Он закрыл глаза. Облегчение от мук приходило только тогда, когда он лежал неподвижно. Стоило ему пошевелиться, как боль становилась невыносимой. Ревматизм не отпускал его.
– Иди теперь в постель, отдыхай, – сказал он.
Джоди вышел из спальни и без напоминания вымыл ноги. Он улёгся в постель, спокойный душой и усталый телом, и заснул мгновенно. Проснулся он ещё до рассвета с чувством ответственности. Он встал и оделся без промедления.
– Очень жалко, что только беда заставила тебя взяться за ум, – сказала матушка Бэкстер.
Стоя последние месяцы между нею и Флажком, он вполне оценил отцовскую тактику безответного молчания. Оно сильнее раздражало мать в самую минуту несогласия, зато она скорее переставала браниться. Он торопливо, но всё же плотно поел, украдкой сунул за пазуху несколько преснушек для Флажка и сразу взялся за дело. Сначала он едва видел свои руки. У него на глазах всходило за виноградным кустом солнце. В его разреженном золотистом свете молодые листья и усики лозы были как волосы Твинк Уэдерби. Он обнаружил, что и восход и закат вызывают у него какое-то приятно печальное чувство. Восход пробуждал в нём какую-то необузданную, вольную печаль; закат – печаль одинокую, но успокаивающую. Он предавался этой приятной грусти, пока земля под ним из серой не стала бледно-лиловой, а потом цвета сухих кукурузных обвёрток.
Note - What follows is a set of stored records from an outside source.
(* Let $S=S'\wedge C$ be a scheduling problem on $n$ elements where $C$ is a contractible clause, let $V(C)=O_1\uplus\cdots\uplus O_k$ be the decomposition into $\sim_C$ equivalence classes ordered so that $O_i>O_j$ for $i<j$, and let $r_i=|O_i|-1$. Then $$\mathcal{S}_S=\mathcal{S}_{S'}-\left(\mathcal{S}_{S'\downarrow_{(r_1,\dots,r_k)}}\right)\uparrow^{(r_1,\dots,r_k)}.$$
   Context: A scheduling problem on $n$ elements is a Boolean formula over atoms $(x_i\le x_j)$, $i,j\in[n]$, with $(x_i=x_j)=(x_i\le x_j)\wedge(x_j\le x_i)$ and $(x_i\ne x_j)=\neg(x_i=x_j)$. A solution is $f:[n]\to\mathbb{P}=\{1,2,\dots\}$ making it true with $x_i=f(i)$; $\mathcal{S}_S=\sum_f y_{f(1)}\cdots y_{f(n)}$ over solutions, in noncommuting variables $y_1,y_2,\dots$. A formula $C$ given as $C=\bigvee_{(i,j)\in I}(x_i\ne x_j)$ with $I\subseteq[n]\times[n]$ is edge-like; $V(C)$ is the set of indices $i$ with $x_i$ appearing in $C$, and $\sim_C$ is the equivalence relation on $V(C)$ generated by $i\sim j$ for $(i,j)\in I$. For disjoint sets, $A>B$ means $a>b$ for all $a\in A,b\in B$. $C$ is a contractible clause if it is edge-like, $V(C)=\{m,m+1,\dots,n\}$ for some $1\le m\le n$, and the $\sim_C$ classes can be ordered $O_1,\dots,O_k$ with $O_i>O_j$ for $i<j$. With $r=\sum_i r_i$, the contraction $S'\downarrow_{(r_1,\dots,r_k)}$ is the scheduling problem on $n-r$ elements obtained from $S'$ by replacing each variable $x_j$ by $x_{\psi(j)}$, where $\psi(j)=j$ for $j<m$ and $\psi(j)=m+k-i$ for $j\in O_i$. Induction: for nonnegative integers $r_1,\dots,r_k$ and a monomial $y_{i_1}\cdots y_{i_p}$ with $k\le p$, $y_{i_1}\cdots y_{i_p}\uparrow^{(r_1,\dots,r_k)}=y_{i_1}\cdots y_{i_{p-k}}y_{i_{p-k+1}}^{1+r_k}\cdots y_{i_p}^{1+r_1}$, extended linearly (termwise). *)

theory Defs
  imports Main
begin

datatype sform = FTrue | FFalse | Le nat nat | Not sform | And sform sform | Or sform sform

fun holds :: "(nat \<Rightarrow> nat) \<Rightarrow> sform \<Rightarrow> bool" where
  "holds f FTrue = True"
| "holds f FFalse = False"
| "holds f (Le i j) = (f i \<le> f j)"
| "holds f (Not a) = (\<not> holds f a)"
| "holds f (And a b) = (holds f a \<and> holds f b)"
| "holds f (Or a b) = (holds f a \<or> holds f b)"

fun fvars :: "sform \<Rightarrow> nat set" where
  "fvars FTrue = {}"
| "fvars FFalse = {}"
| "fvars (Le i j) = {i, j}"
| "fvars (Not a) = fvars a"
| "fvars (And a b) = fvars a \<union> fvars b"
| "fvars (Or a b) = fvars a \<union> fvars b"

definition Eq :: "nat \<Rightarrow> nat \<Rightarrow> sform" where
  "Eq i j = And (Le i j) (Le j i)"

definition Neq :: "nat \<Rightarrow> nat \<Rightarrow> sform" where
  "Neq i j = Not (Eq i j)"

fun rename :: "(nat \<Rightarrow> nat) \<Rightarrow> sform \<Rightarrow> sform" where
  "rename \<psi> FTrue = FTrue"
| "rename \<psi> FFalse = FFalse"
| "rename \<psi> (Le i j) = Le (\<psi> i) (\<psi> j)"
| "rename \<psi> (Not a) = Not (rename \<psi> a)"
| "rename \<psi> (And a b) = And (rename \<psi> a) (rename \<psi> b)"
| "rename \<psi> (Or a b) = Or (rename \<psi> a) (rename \<psi> b)"

text \<open>Noncommutative formal power series in y_1, y_2, ... with integer coefficients:
  a word y_(w!0) ... y_(w!(p-1)) is the list w; a series maps each word to its coefficient.\<close>
type_synonym ncseries = "nat list \<Rightarrow> int"
definition S_tri :: "('o, 'm, 'x) rtcat_scheme \<Rightarrow> 'o \<times> int \<Rightarrow> 'o \<times> int \<Rightarrow> 'o \<times> int \<Rightarrow>
    int \<times> 'm \<Rightarrow> int \<times> 'm \<Rightarrow> int \<times> 'm \<Rightarrow> bool" where
  "S_tri R X Y Z x y z \<longleftrightarrow>
     S_hom R X Y x \<and> S_hom R Y Z y \<and> S_hom R Z (S_shift_obj X) z \<and>
     (\<exists>X' Y' Z' x' y' z' a b c.
        S_std_tri R X' Y' Z' x' y' z' \<and>
        S_iso R X X' a \<and> S_iso R Y Y' b \<and> S_iso R Z Z' c \<and>
        S_eq R (S_comp R b x) (S_comp R x' a) \<and>
        S_eq R (S_comp R c y) (S_comp R y' b) \<and>
        S_eq R (S_comp R (S_shift_mor a) z) (S_comp R z' c))"

definition in_R :: "('o, 'm, 'x) rtcat_scheme \<Rightarrow> 'o \<times> int \<Rightarrow> bool" where
  "in_R R X \<longleftrightarrow> (\<exists>A\<in>Ob R. S_isomorphic R X (A, 0))"

end

theory Submission
  imports Defs
begin

(* At every sufficiently low level k, a triangle of S(R) is isomorphic to a right triangle of R,
   and an object of S(R) lying in R is isomorphic at level k <= 0 to the (-k)-fold shift of an
   object of R. So it suffices to show: if P -> Q -> C -> \<Sigma>P is a right triangle with
   P = \<Sigma>^t P0 and C = \<Sigma>^t C0 up to isomorphism, then Q = \<Sigma>^t Q0 for some Q0. Closure of the essential image of \<Sigma> under extensions gives
   Q = \<Sigma>Q1; by fullness the map P -> Q desuspends to f1 : P1 -> Q1, and the shifted triangle on
   f1 has third vertex \<Sigma>C1 isomorphic to C, because with \<Sigma> fully faithful the third vertex of a
   right triangle is unique up to isomorphism (a comparison endomorphism differs from the identity
   by a square-zero map). Faithfulness then gives C1 = \<Sigma>^(t-1) C0. *)

locale right_triangulated_cat =
  fixes R :: "('o, 'm, 'x) rtcat_scheme"
  assumes right_triangulated: "right_triangulated R"
begin

abbreviation cmpR (infixr "\<cdot>" 70) where "g \<cdot> f \<equiv> cmp R g f"
abbreviation maddR (infixl "\<oplus>" 65) where "f \<oplus> g \<equiv> madd R f g"
abbreviation mnegR ("\<ominus> _" [80] 80) where "\<ominus> f \<equiv> mneg R f"

lemma category: "is_category R"
  and preadditive: "is_preadditive R"
  and zero_object_exists: "\<exists>Z. is_zero_obj R Z"
  and shift_additive: "additive_shift R"
  using right_triangulated unfolding right_triangulated_def is_additive_def by simp_all

lemma comp_hom: "\<lbrakk>A \<in> Ob R; B \<in> Ob R; C \<in> Ob R; f \<in> Hom R A B; g \<in> Hom R B C\<rbrakk> \<Longrightarrow> g \<cdot> f \<in> Hom R A C"
  and comp_assoc: "\<lbrakk>A \<in> Ob R; B \<in> Ob R; C \<in> Ob R; D \<in> Ob R; f \<in> Hom R A B; g \<in> Hom R B C; h \<in> Hom R C D\<rbrakk>
      \<Longrightarrow> h \<cdot> (g \<cdot> f) = (h \<cdot> g) \<cdot> f"
  and id_hom: "A \<in> Ob R \<Longrightarrow> idm R A \<in> Hom R A A"
  and id_left: "\<lbrakk>A \<in> Ob R; B \<in> Ob R; f \<in> Hom R A B\<rbrakk> \<Longrightarrow> idm R B \<cdot> f = f"
  and id_right: "\<lbrakk>A \<in> Ob R; B \<in> Ob R; f \<in> Hom R A B\<rbrakk> \<Longrightarrow> f \<cdot> idm R A = f"
  using category unfolding is_category_def by blast+

lemma zero_hom: "\<lbrakk>A \<in> Ob R; B \<in> Ob R\<rbrakk> \<Longrightarrow> mzero R A B \<in> Hom R A B"
  and add_hom: "\<lbrakk>A \<in> Ob R; B \<in> Ob R; f \<in> Hom R A B; g \<in> Hom R A B\<rbrakk> \<Longrightarrow> f \<oplus> g \<in> Hom R A B"
  and neg_hom: "\<lbrakk>A \<in> Ob R; B \<in> Ob R; f \<in> Hom R A B\<rbrakk> \<Longrightarrow> \<ominus> f \<in> Hom R A B"
  and add_zero_right: "\<lbrakk>A \<in> Ob R; B \<in> Ob R; f \<in> Hom R A B\<rbrakk> \<Longrightarrow> f \<oplus> mzero R A B = f"
  and add_neg_right: "\<lbrakk>A \<in> Ob R; B \<in> Ob R; f \<in> Hom R A B\<rbrakk> \<Longrightarrow> f \<oplus> \<ominus> f = mzero R A B"
  and comp_add_distrib_left: "\<lbrakk>A \<in> Ob R; B \<in> Ob R; C \<in> Ob R; f \<in> Hom R A B; f' \<in> Hom R A B; g \<in> Hom R B C\<rbrakk>
      \<Longrightarrow> g \<cdot> (f \<oplus> f') = g \<cdot> f \<oplus> g \<cdot> f'"
  and comp_add_distrib_right: "\<lbrakk>A \<in> Ob R; B \<in> Ob R; C \<in> Ob R; f \<in> Hom R A B; g \<in> Hom R B C; g' \<in> Hom R B C\<rbrakk>
      \<Longrightarrow> (g \<oplus> g') \<cdot> f = g \<cdot> f \<oplus> g' \<cdot> f"
  using preadditive unfolding is_preadditive_def by simp_all
lemma dvd_distance_of_extremal_discrepancy:
  assumes "v \<noteq> []" "coprime p q"
    and extremal: "\<And>z i j. z \<in> L \<Longrightarrow> i \<le> j \<Longrightarrow> j + length v \<le> length z + 1 \<Longrightarrow>
      \<bar>discrepancy p q v z i j\<bar> \<le> \<bar>discrepancy p q v z0 i0 j0\<bar>"
    and "i0 \<le> j0" "j0 + length v \<le> length z0 + 1"
    and "P @ z0 @ M @ z0 @ S \<in> L"
  shows "q dvd length z0 + length M"
proof -
  let ?z = "P @ z0 @ M @ z0 @ S" and ?d0 = "discrepancy p q v z0 i0 j0"
  let ?F = "discrepancy p q v ?z"
  define s1 where "s1 = length P"
  define s2 where "s2 = length (P @ z0 @ M)"
  have "j0 \<le> length z0" using assms(1,5) by (cases v) auto
  then have le: "s1 + i0 \<le> s1 + j0" "s1 + j0 \<le> s2 + i0" "s2 + i0 \<le> s2 + j0"
    using assms(4) by (auto simp: s1_def s2_def)
  have end_le: "s2 + j0 + length v \<le> length ?z + 1"
    using assms(5) by (simp add: s2_def)
  have first: "?F (s1 + i0) (s1 + j0) = ?d0"
    unfolding s1_def using assms(5) by (rule discrepancy_append_shift)
  have second: "?F (s2 + i0) (s2 + j0) = ?d0"
    using discrepancy_append_shift[OF assms(5), of p q "P @ z0 @ M" S i0] by (simp add: s2_def)
  have "\<bar>?F (s1 + i0) (s2 + j0)\<bar> \<le> \<bar>?d0\<bar>" "\<bar>?F (s1 + j0) (s2 + i0)\<bar> \<le> \<bar>?d0\<bar>"
    using extremal[OF assms(6)] le end_le by auto
  moreover have "?F (s1 + i0) (s2 + j0) = ?d0 + ?F (s1 + j0) (s2 + i0) + ?d0"
    using le first second by (simp add: discrepancy_split[of "s1 + i0" "s2 + i0" "s2 + j0"]
        discrepancy_split[of "s1 + i0" "s1 + j0" "s2 + i0"])
  \<comment> \<open>neither the whole interval nor the gap can beat the extremal value\<close>
  ultimately have "?d0 + ?F (s1 + j0) (s2 + i0) = 0"
    by (auto simp: abs_le_iff)
  then have "?F (s1 + i0) (s2 + i0) = 0"
    using first discrepancy_split[OF le(1,2), of p q v ?z] by linarith
  then have "int q * int (occ_in v ?z (s1 + i0) (s2 + i0)) = int p * int (length z0 + length M)"
    by (simp add: discrepancy_def s1_def s2_def)
  then have "q dvd p * (length z0 + length M)"
    by (metis dvd_triv_left of_nat_dvd_iff of_nat_mult)
  then show ?thesis
    using assms(2) by (simp add: coprime_commute coprime_dvd_mult_right_iff)
qed

section \<open>Frequencies under an invariant measure\<close>

lemma sets_window_eq:
  "{x. window x i n = w} \<in> sets (PiM (UNIV :: int set) (\<lambda>_. count_space (UNIV :: 'a set)))"
proof -
  have "{x. window x i n = w} = {x \<in> space (PiM (UNIV :: int set) (\<lambda>_. count_space (UNIV :: 'a set))).
      length w = n \<and> (\<forall>k\<in>{..<n}. x (i + int k) = w ! k)}"
    by (auto simp: window_def space_PiM list_eq_iff_nth_eq)
  also have "\<dots> \<in> sets (PiM (UNIV :: int set) (\<lambda>_. count_space (UNIV :: 'a set)))"
    by measurable
  finally show ?thesis .
qed

lemma window_shift: "window (shift x) i n = window x (i + 1) n"
  by (simp add: window_def shift_def algebra_simps)

lemma occ_window:
  "occ (window x i n) v = card ({..<n + 1 - length v} \<inter> {k. window x (i + int k) (length v) = v})"
proof -
  have "{k \<in> {0..<n + 1 - length v}. occurs_at v (window x i n) k}
      = {..<n + 1 - length v} \<inter> {k. window x (i + int k) (length v) = v}"
    by (auto simp: occurs_at_def window_take_drop)
  then show ?thesis
    by (simp add: occ_eq_occ_in occ_in_def)
qed

lemma invariant_prob_AE_Xsub:
  assumes "invariant_prob \<sigma> \<mu>"
  shows "AE x in \<mu>. x \<in> Xsub \<sigma>"
proof -
  interpret prob_space \<mu>
    using assms by (simp add: invariant_prob_def)
  show ?thesis
    using assms by (intro AE_prob_1) (simp add: invariant_prob_def measure_def)
qed

lemma invariant_prob_measure_window:
  assumes "invariant_prob \<sigma> \<mu>"
  shows "measure \<mu> {x. window x (int k) (length v) = v} = measure \<mu> (cyl \<sigma> v)"
proof -
  define A where "A k = {x. window x (int k) (length v) = v}" for k
  have sets: "A k \<in> sets \<mu>" for k
    using assms sets_window_eq by (simp add: invariant_prob_def A_def)
  have "shift -` A k = A (Suc k)" for k
    by (auto simp: A_def window_shift add.commute)
  then have "emeasure \<mu> (A (Suc k)) = emeasure \<mu> (A k)" for k
    using assms sets by (metis invariant_prob_def)
  then have "emeasure \<mu> (A k) = emeasure \<mu> (A 0)" for k
    by (induction k) simp_all
  then have "measure \<mu> (A k) = measure \<mu> (A 0)"
    unfolding measure_def by metis
  also have "\<dots> = measure \<mu> (cyl \<sigma> v)"
  proof (rule measure_eq_AE)
    show "AE x in \<mu>. x \<in> A 0 \<longleftrightarrow> x \<in> cyl \<sigma> v"
      using invariant_prob_AE_Xsub[OF assms] by eventually_elim (simp add: A_def cyl_def)
    have "Xsub \<sigma> \<in> sets \<mu>"
      using assms emeasure_notin_sets by (fastforce simp: invariant_prob_def)
    then show "cyl \<sigma> v \<in> sets \<mu>"
      using sets[of 0] by (simp add: cyl_def A_def Collect_conj_eq Int_def[symmetric])
  qed (rule sets)
  finally show ?thesis
    unfolding A_def .
qed

lemma invariant_prob_expected_occ:
  assumes "invariant_prob \<sigma> \<mu>"
  shows "integrable \<mu> (\<lambda>x. real (occ (window x 0 n) v))"
    and "(\<integral>x. real (occ (window x 0 n) v) \<partial>\<mu>) = real (n + 1 - length v) * measure \<mu> (cyl \<sigma> v)"
proof -
  interpret prob_space \<mu>
    using assms by (simp add: invariant_prob_def)
  define A where "A k = {x. window x (int k) (length v) = v}" for k
  have sets: "A k \<in> sets \<mu>" for k
    using assms sets_window_eq by (simp add: invariant_prob_def A_def)
  have occ_sum: "(\<lambda>x. real (occ (window x 0 n) v)) = (\<lambda>x. \<Sum>k<n + 1 - length v. indicator (A k) x)"
  proof
    fix x
    let ?B = "{k. window x (int k) (length v) = v}"
    have "real (occ (window x 0 n) v) = (\<Sum>k\<in>{..<n + 1 - length v} \<inter> ?B. 1)"
      by (simp only: occ_window real_of_card add_0)
    also have "\<dots> = (\<Sum>k<n + 1 - length v. if k \<in> ?B then 1 else 0)"
      by (rule sum.inter_restrict) simp
    also have "\<dots> = (\<Sum>k<n + 1 - length v. indicator (A k) x)"
      by (rule sum.cong) (simp_all add: A_def indicator_def)
    finally show "real (occ (window x 0 n) v) = (\<Sum>k<n + 1 - length v. indicator (A k) x)" .
  qed
  have indicator_integrable: "integrable \<mu> (indicator (A k) :: _ \<Rightarrow> real)" for k
    using sets by (intro integrable_real_indicator) (simp_all add: less_top[symmetric])
  show "integrable \<mu> (\<lambda>x. real (occ (window x 0 n) v))"
    unfolding occ_sum by (rule Bochner_Integration.integrable_sum) (rule indicator_integrable)
  have "(\<integral>x. real (occ (window x 0 n) v) \<partial>\<mu>) = (\<Sum>k<n + 1 - length v. measure \<mu> (A k))"
    unfolding occ_sum using sets indicator_integrable by (simp add: integral_sum)
  also have "\<dots> = real (n + 1 - length v) * measure \<mu> (cyl \<sigma> v)"
    using invariant_prob_measure_window[OF assms] by (simp add: A_def)
  finally show "(\<integral>x. real (occ (window x 0 n) v) \<partial>\<mu>) = real (n + 1 - length v) * measure \<mu> (cyl \<sigma> v)" .
qed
Он приналёг на работу. Из лесу, где он, очевидно, провёл ночь, прибежал Флажок. Джоди скормил ему преснушки и пустил его за пазуху выбирать крошки. От прикосновений мягкого влажного носа к коже по всему телу бегали мурашки.
Ранним утром он закончил посадку кукурузы и вприпрыжку вернулся на скотный двор. Старый Цезарь пасся к югу от двора. Он с лёгким удивлением поднял свою сивеющую голову: Джоди редко приходилось запрягать его. Но он вёл себя смирно и послушно стал между оглоблями. Это дало Джоди приятное ощущение превосходства. Он старался говорить как можно более низким голосом и отдавал ненужные приказания. Цезарь покорно повиновался. Джоди один сел на козлы, хлестнул Цезаря вожжами и двинулся на запад, в сторону заброшенной росчисти. Флажку всё эта понравилось, и он бежал рысцой впереди. Из озорства он время от времени как вкопанный останавливался посреди дороги, и Джоди приходилось осаживать лошадь и уговаривать его освободить путь.
– Уж больно ты задавучий, как стал годовиком! – кричал он ему.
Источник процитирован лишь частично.